# DATASET EXCERPTS
definition G_admissible ::
  "('a, 'c) monoid_scheme \<Rightarrow> ('a \<Rightarrow> nat \<Rightarrow> nat) \<Rightarrow> nat \<Rightarrow> nat \<Rightarrow> (nat \<Rightarrow> nat \<Rightarrow> int) \<Rightarrow> bool" where
  "G_admissible G \<phi> m n B \<longleftrightarrow>
     (\<forall>i\<in>{1..m}. \<forall>i'\<in>orbit G \<phi> i. (i \<le> n \<longleftrightarrow> i' \<le> n)) \<and>
     (\<forall>i\<in>{1..m}. \<forall>j\<in>{1..n}. \<forall>g\<in>carrier G. B i j = B (\<phi> g i) (\<phi> g j)) \<and>
     (\<forall>i\<in>{1..n}. \<forall>i'\<in>orbit G \<phi> i. B i i' = 0) \<and>
     (\<forall>i\<in>{1..m}. \<forall>i'\<in>orbit G \<phi> i. \<forall>j\<in>{1..n}. B i j * B i' j \<ge> 0)"

text \<open>The orbit matrix B^G: b^G_{IJ} = sum over i in I of b_{ij} for (any) j in J.\<close>
definition orbmat :: "(nat \<Rightarrow> nat \<Rightarrow> int) \<Rightarrow> nat set \<Rightarrow> nat set \<Rightarrow> int" where
  "orbmat B I J = (\<Sum>i\<in>I. B i (SOME j. j \<in> J))"

end

theory Submission
  imports Defs
begin

text \<open>Because b_{kk'} = 0 for k, k' in K, the mutations at the vertices of K do not interact:
  for i, j outside K, the composite mutation adds to b_{ij} the sum over k in K of
  sgn(b_{ik}) max(b_{ik} b_{kj}, 0). By admissibility the entries b_{ik} (i in an orbit I) share a
  sign, as do the b_{kj} (k in K), and on such arguments this summand is linear in each variable;
  so summing over I collapses the double sum to the single summand of the orbit matrix.\<close>

context group_action
begin

lemma orbits_eq_orbit:
  assumes "X \<in> orbits G E \<phi>" "x \<in> X"
  shows "X = orbit G \<phi> x"
proof -
  obtain y where y: "y \<in> E" "X = orbit G \<phi> y"
    using assms(1) unfolding orbits_def by blast
  have "x \<in> E" using assms(2) y element_image unfolding orbit_def by blast
  moreover have "orbit G \<phi> x \<in> orbits G E \<phi>" "x \<in> orbit G \<phi> x"
    using calculation orbit_refl unfolding orbits_def by auto
  ultimately show ?thesis
    using disjoint_union[OF assms(1)] assms(2) by blast
qed

lemma orbits_nonempty: "X \<in> orbits G E \<phi> \<Longrightarrow> X \<noteq> {}"
  unfolding orbits_def using orbit_refl by blast

lemma orbits_in_orbit:
  assumes "X \<in> orbits G E \<phi>" "x \<in> X" "y \<in> X"
  shows "y \<in> orbit G \<phi> x"
  using orbits_eq_orbit[OF assms(1,2)] assms(3) by simp

lemma sum_orbit_action:
  assumes "X \<in> orbits G E \<phi>" "g \<in> carrier G"
  shows "(\<Sum>x\<in>X. f (\<phi> g x)) = sum f X"
proof -
  have XE: "X \<subseteq> E"
    using assms(1) orbits_coverture by blast
  have "\<phi> g ` X = X"
  proof
    show "\<phi> g ` X \<subseteq> X"
      using assms orbits_eq_orbit unfolding orbit_def by blast
    show "X \<subseteq> \<phi> g ` X"
    proof
      fix y assume "y \<in> X"
      then obtain x where x: "x \<in> E" "\<phi> g x = y"
        using bij_prop1[OF assms(2)] XE by blast
      then have "x \<in> orbit G \<phi> y"
        using orbit_sym[of x y] \<open>y \<in> X\<close> XE assms(2) unfolding orbit_def by blast
      then show "y \<in> \<phi> g ` X"
        using x orbits_eq_orbit[OF assms(1) \<open>y \<in> X\<close>] by blast
    qed
  qed
  moreover have "inj_on (\<phi> g) X"
    using inj_prop[OF assms(2)] XE inj_on_subset by blast
  ultimately show ?thesis
    using sum.reindex[of "\<phi> g" X f] by simp
qed

end

definition mut_summand :: "int \<Rightarrow> int \<Rightarrow> int" where
  "mut_summand x y = sgn x * max (x * y) 0"

lemma mut_eq_mut_summand:
  "i \<noteq> k \<Longrightarrow> j \<noteq> k \<Longrightarrow> mut k B i j = B i j + mut_summand (B i k) (B k j)"
  unfolding mut_def mut_summand_def by simp

lemma mut_summand_commute: "mut_summand x y = mut_summand y x"
  unfolding mut_summand_def
  by (cases x "0::int" rule: linorder_cases; cases y "0::int" rule: linorder_cases)
     (auto simp: mult.commute mult_pos_neg mult_neg_pos)

lemma mut_summand_nonneg: "x \<ge> 0 \<Longrightarrow> mut_summand x y = x * max y 0"
  unfolding mut_summand_def by (cases "x = 0") (auto simp: max_def mult_le_0_iff zero_le_mult_iff)

lemma mut_summand_nonpos: "x \<le> 0 \<Longrightarrow> mut_summand x y = x * max (- y) 0"
  unfolding mut_summand_def by (cases "x = 0") (auto simp: max_def mult_le_0_iff zero_le_mult_iff)

lemma same_sign_if_products_nonneg:
  assumes "\<forall>a\<in>S. \<forall>b\<in>S. (x a :: int) * x b \<ge> 0"
  shows "(\<forall>a\<in>S. x a \<ge> 0) \<or> (\<forall>a\<in>S. x a \<le> 0)"
proof (rule ccontr)
  assume "\<not> ?thesis"
  then obtain a b where "a \<in> S" "b \<in> S" "x a < 0" "x b > 0" by force
  then show False
    using assms mult_neg_pos[of "x a" "x b"] by force
qed

text \<open>On arguments of a common sign the summand is linear.\<close>

lemma sum_mut_summand_left:
  assumes "\<forall>a\<in>S. \<forall>b\<in>S. (x a :: int) * x b \<ge> 0"
  shows "(\<Sum>a\<in>S. mut_summand (x a) y) = mut_summand (\<Sum>a\<in>S. x a) y"
  using same_sign_if_products_nonneg[OF assms]
proof
  assume "\<forall>a\<in>S. x a \<ge> 0"
  then show ?thesis
    by (simp add: mut_summand_nonneg sum_nonneg sum_distrib_right)
next
  assume "\<forall>a\<in>S. x a \<le> 0"
  then show ?thesis
    by (simp add: mut_summand_nonpos sum_nonpos sum_distrib_right)
qed

lemma sum_mut_summand_right:
  assumes "\<forall>a\<in>S. \<forall>b\<in>S. (y a :: int) * y b \<ge> 0"
  shows "(\<Sum>a\<in>S. mut_summand x (y a)) = mut_summand x (\<Sum>a\<in>S. y a)"
  using sum_mut_summand_left[OF assms] by (simp add: mut_summand_commute)

lemma mut_unconnected:
  assumes "B k x = 0" "B x k = 0" "k \<noteq> x"
  shows "mut x B i k = B i k" "mut x B k j = B k j"
  using assms unfolding mut_def by auto

lemma fold_mut_unconnected:
  assumes "distinct ks" "\<forall>k\<in>set ks. \<forall>k'\<in>set ks. B k k' = 0"
  shows "fold mut ks B i j = (if i \<in> set ks \<or> j \<in> set ks then - B i j
           else B i j + (\<Sum>k\<in>set ks. mut_summand (B i k) (B k j)))"
  using assms
proof (induction ks arbitrary: B)
  case Nil
  then show ?case by simp
next
  case (Cons x ks)
  let ?B' = "mut x B"
  have unchanged: "?B' i k = B i k" "?B' k j = B k j" if "k \<in> set ks" for i j k
    using mut_unconnected[of B k x] that Cons.prems by auto
  have IH: "fold mut ks ?B' i j = (if i \<in> set ks \<or> j \<in> set ks then - ?B' i j
           else ?B' i j + (\<Sum>k\<in>set ks. mut_summand (B i k) (B k j)))"
    using Cons.IH[of ?B'] Cons.prems unchanged by (simp cong: sum.cong)
  consider "i \<in> set ks \<or> j \<in> set ks"
    | "i \<notin> set ks" "j \<notin> set ks" "i = x \<or> j = x"
    | "i \<notin> set (x # ks)" "j \<notin> set (x # ks)"
    by auto
  then show ?case
  proof cases
    case 1
    then show ?thesis
      using IH unchanged by auto
  next
    case 2
    have "mut_summand (B i k) (B k j) = 0" if "k \<in> set (x # ks)" for k
      using 2 that Cons.prems by (auto simp: mut_summand_def)
    moreover have "?B' i j = - B i j"
      using 2 by (simp add: mut_def)
    ultimately show ?thesis
      using 2 IH by simp
  next
    case 3
    then show ?thesis
      using IH Cons.prems by (simp add: mut_eq_mut_summand)
  qed
qed

corollary mutK_unconnected:
  assumes "finite K" "\<forall>k\<in>K. \<forall>k'\<in>K. B k k' = 0"
  shows "mutK K B i j = (if i \<in> K \<or> j \<in> K then - B i j
           else B i j + (\<Sum>k\<in>K. mut_summand (B i k) (B k j)))"
  using fold_mut_unconnected[of "sorted_list_of_set K" B i j] assms by (simp add: mutK_def)

locale admissible_matrix = group_action G "{1..m}" \<phi>
  for G :: "('a, 'c) monoid_scheme" and \<phi> :: "'a \<Rightarrow> nat \<Rightarrow> nat" and m :: nat +
  fixes n :: nat and B :: "nat \<Rightarrow> nat \<Rightarrow> int"
  assumes mutable_le: "n \<le> m"
    and orbit_mutable_iff: "\<lbrakk>i \<in> {1..m}; i' \<in> orbit G \<phi> i\<rbrakk> \<Longrightarrow> i \<le> n \<longleftrightarrow> i' \<le> n"
    and B_invariant: "\<lbrakk>i \<in> {1..m}; j \<in> {1..n}; g \<in> carrier G\<rbrakk> \<Longrightarrow> B (\<phi> g i) (\<phi> g j) = B i j"
    and B_orbit_zero: "\<lbrakk>i \<in> {1..n}; i' \<in> orbit G \<phi> i\<rbrakk> \<Longrightarrow> B i i' = 0"
    and B_orbit_same_sign:
      "\<lbrakk>i \<in> {1..m}; i' \<in> orbit G \<phi> i; j \<in> {1..n}\<rbrakk> \<Longrightarrow> B i j * B i' j \<ge> 0"
begin

lemma mutable_orbit:
  assumes "X \<in> orbits G {1..n} \<phi>"
  shows "X \<in> orbits G {1..m} \<phi>" "X \<subseteq> {1..n}"
proof -
  obtain x where x: "x \<in> {1..n}" "X = orbit G \<phi> x"
    using assms unfolding orbits_def by blast
  then have xm: "x \<in> {1..m}"
    using mutable_le by auto
  then show "X \<in> orbits G {1..m} \<phi>"
    using x unfolding orbits_def by blast
  show "X \<subseteq> {1..n}"
  proof
    fix y assume "y \<in> X"
    then have "y \<in> {1..m}"
      using x xm element_image unfolding orbit_def by blast
    moreover have "y \<le> n"
      using orbit_mutable_iff[OF xm] x \<open>y \<in> X\<close> by auto
    ultimately show "y \<in> {1..n}" by simp
  qed
qed

lemma orbit_products_nonneg:
  assumes "X \<in> orbits G {1..m} \<phi>" "a \<in> X" "b \<in> X" "j \<in> {1..n}"
  shows "B a j * B b j \<ge> 0"
proof -
  have "a \<in> {1..m}"
    using assms(1,2) orbits_coverture by blast
  then show ?thesis
    using B_orbit_same_sign orbits_in_orbit[OF assms(1-3)] assms(4) by blast
qed

lemma unconnected_in_mutable_orbit:
  assumes "K \<in> orbits G {1..n} \<phi>" "k \<in> K" "k' \<in> K"
  shows "B k k' = 0"
proof -
  have "k' \<in> orbit G \<phi> k"
    using orbits_in_orbit[OF mutable_orbit(1)[OF assms(1)] assms(2,3)] .
  then show ?thesis
    using B_orbit_zero mutable_orbit(2)[OF assms(1)] assms(2) by blast
qed

lemma mutK_mutable_orbit:
  assumes "K \<in> orbits G {1..n} \<phi>"
  shows "mutK K B i j = (if i \<in> K \<or> j \<in> K then - B i j
           else B i j + (\<Sum>k\<in>K. mut_summand (B i k) (B k j)))"
proof (rule mutK_unconnected)
  show "finite K"
    using finite_subset[OF mutable_orbit(2)[OF assms]] by simp
  show "\<forall>k\<in>K. \<forall>k'\<in>K. B k k' = 0"
    using unconnected_in_mutable_orbit[OF assms] by blast
qed

lemma column_sum_orbit_invariant:
  assumes I: "I \<in> orbits G {1..m} \<phi>" and J: "J \<in> orbits G {1..n} \<phi>"
    and "j \<in> J" "j' \<in> J"
  shows "(\<Sum>i\<in>I. B i j) = (\<Sum>i\<in>I. B i j')"
proof -
  obtain g where g: "g \<in> carrier G" "\<phi> g j = j'"
    using orbits_in_orbit[OF mutable_orbit(1)[OF J] assms(3,4)] unfolding orbit_def by blast
  have "j \<in> {1..n}"
    using mutable_orbit(2)[OF J] \<open>j \<in> J\<close> by blast
  then have "B i j = B (\<phi> g i) j'" if "i \<in> I" for i
  proof -
    have "i \<in> {1..m}"
      using that I orbits_coverture by blast
    then show ?thesis
      using B_invariant[of i j g] g \<open>j \<in> {1..n}\<close> by simp
  qed
  then have "(\<Sum>i\<in>I. B i j) = (\<Sum>i\<in>I. B (\<phi> g i) j')"
    by (rule sum.cong[OF refl])
  also have "\<dots> = (\<Sum>i\<in>I. B i j')"
    by (rule sum_orbit_action[OF I g(1)])
  finally show ?thesis .
qed

lemma orbmat_eq_column_sum:
  assumes "I \<in> orbits G {1..m} \<phi>" "J \<in> orbits G {1..n} \<phi>" "j \<in> J"
  shows "orbmat B I J = (\<Sum>i\<in>I. B i j)"
  unfolding orbmat_def
  using column_sum_orbit_invariant[OF assms(1,2) someI[of "\<lambda>j. j \<in> J", OF assms(3)] assms(3)] .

# WORK TASK
Which lines hold the word "ultimately"? Copy each of them from the records.

# EXPECTED ANSWER
  ultimately show ?thesis
  ultimately show ?thesis
    ultimately show ?thesis
    ultimately show "y \<in> {1..n}" by simp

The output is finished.